William E. Evans, Mary V. Relling, John H. Rodman, William R. Crom, James M. Boyett, Ching-Hon Pui
Abramson Cancer Center of the University of Pennsylvania
Last Modified: November 1, 2001
Reviewers: Kenneth Blank, MD and Leonard Farber, MD
Source: The New England Journal of Medicine --February 19, 1998 --Volume 338, Number 8
The rate at which children clear anti-leukemic agents is highly variable. Rapid clearance of anti-leukemic agents leads to lower levels of these medications in the patients blood and worse outcome in the treatment of acute lymphoblastic leukemia.
Physicians at the St. Jude Children's Research Hospital in Memphis hypothesized that the outcome of treatment of childhood ALL would be improved if doses of anti-leukemic medications were individualized to a patients metabolism to prevent lowsystemic exposure to chemotherapy drugs in patients with rapid metabolisms. One hundred and eighty-two children with newly diagnosed ALL were enrolled in this study. Study participants were randomly assigned to post-remission regimens that included high-dose methotrexate and teniposide. The doses of these drugs were different in the two treatment groups: In the conventional treatment group doses were based on body surface area which, is the standard practice. In the individualized treatment group, doses were based on the rates of clearance of the three drugs in each patient. Patients with slow clearance received a lesser drug dosage than those with rapid clearance.
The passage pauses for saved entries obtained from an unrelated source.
lemma pos: "x \<noteq> 0 \<Longrightarrow> 0 < N x"
  using nonneg[of x] eq_0_iff[of x] by linarith

lemma commute: "N (x - y) = N (y - x)"
  using minus[of "x - y"] by simp

lemma triangle_diff: "N (x - z) \<le> N (x - y) + N (y - z)"
  using triangle[of "x - y" "y - z"] by simp

lemma sum_le: "N (sum f A) \<le> (\<Sum>a\<in>A. N (f a))"
  by (induction A rule: infinite_finite_induct) (auto intro: order_trans[OF triangle])

lemma le_mult_norm: "\<exists>M\<ge>0. \<forall>x. N x \<le> M * norm x"
proof (intro exI conjI allI)
  let ?M = "\<Sum>b\<in>Basis. N b"
  show "0 \<le> ?M"
    by (simp add: sum_nonneg nonneg)
  fix x :: 'a
  have "N x = N (\<Sum>b\<in>Basis. (x \<bullet> b) *\<^sub>R b)"
    by (simp add: euclidean_representation)
  also have "\<dots> \<le> (\<Sum>b\<in>Basis. \<bar>x \<bullet> b\<bar> * N b)"
    using sum_le[of "\<lambda>b. (x \<bullet> b) *\<^sub>R b" Basis] by (simp add: scale)
  also have "\<dots> \<le> (\<Sum>b\<in>Basis. norm x * N b)"
    by (intro sum_mono mult_right_mono) (simp_all add: Basis_le_norm nonneg)
  finally show "N x \<le> ?M * norm x"
    by (simp add: sum_distrib_left mult.commute)
qed

lemma continuous: "continuous_on S N"
proof -
  obtain M where M: "0 \<le> M" "\<And>x. N x \<le> M * norm x"
    using le_mult_norm by blast
  have "dist (N x) (N y) \<le> M * dist x y" for x y
    using triangle_diff[of x 0 y] triangle_diff[of y 0 x] M(2)[of "x - y"]
    by (simp add: dist_real_def dist_norm commute[of _ y] abs_le_iff)
  then have "M-lipschitz_on S N"
    using M(1) by (intro lipschitz_onI)
  then show ?thesis
    by (rule lipschitz_on_continuous_on)
qed

lemma mult_norm_le: "\<exists>m>0. \<forall>x. m * norm x \<le> N x"
proof -
  obtain b :: 'a where "b \<in> Basis"
    using nonempty_Basis by blast
  then have "sphere (0::'a) 1 \<noteq> {}"
    by (auto intro!: exI[of _ b])
  then obtain s where s: "s \<in> sphere 0 1" "\<And>t. t \<in> sphere 0 1 \<Longrightarrow> N s \<le> N t"
    using continuous_attains_inf[OF compact_sphere _ continuous] by blast
  have "N s * norm x \<le> N x" for x
  proof (cases "x = 0")
    case False
    then have "N s \<le> N ((1 / norm x) *\<^sub>R x)"
      by (intro s(2)) simp
    with False show ?thesis
      by (simp add: scale field_simps)
  qed simp
  moreover have "0 < N s"
    using s(1) by (intro pos) auto
  ultimately show ?thesis
    by blast
qed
Patients in the individualized treatment group received significantly fewer courses of treatment with systemic exposure below the target range as compared to patients in the conventional treatment group. Outcome were significantly improved in patients with B-lineage leukemia who received the individualized treatment schedule. The mean rate of continuous complete remission at five years was 76% in the individualized patients Vs. 66% in the conventionally treated patients.
Analysis of the medication schedules revealed that time-dependent exposure to methotrexate was significantly related to risk of early relapse in children with B-lineage ALL. This is the first major study to demonstrate that tailoring the dose of methotrexate to a child's rate of drug metabolism can improve outcome in childhood ALL.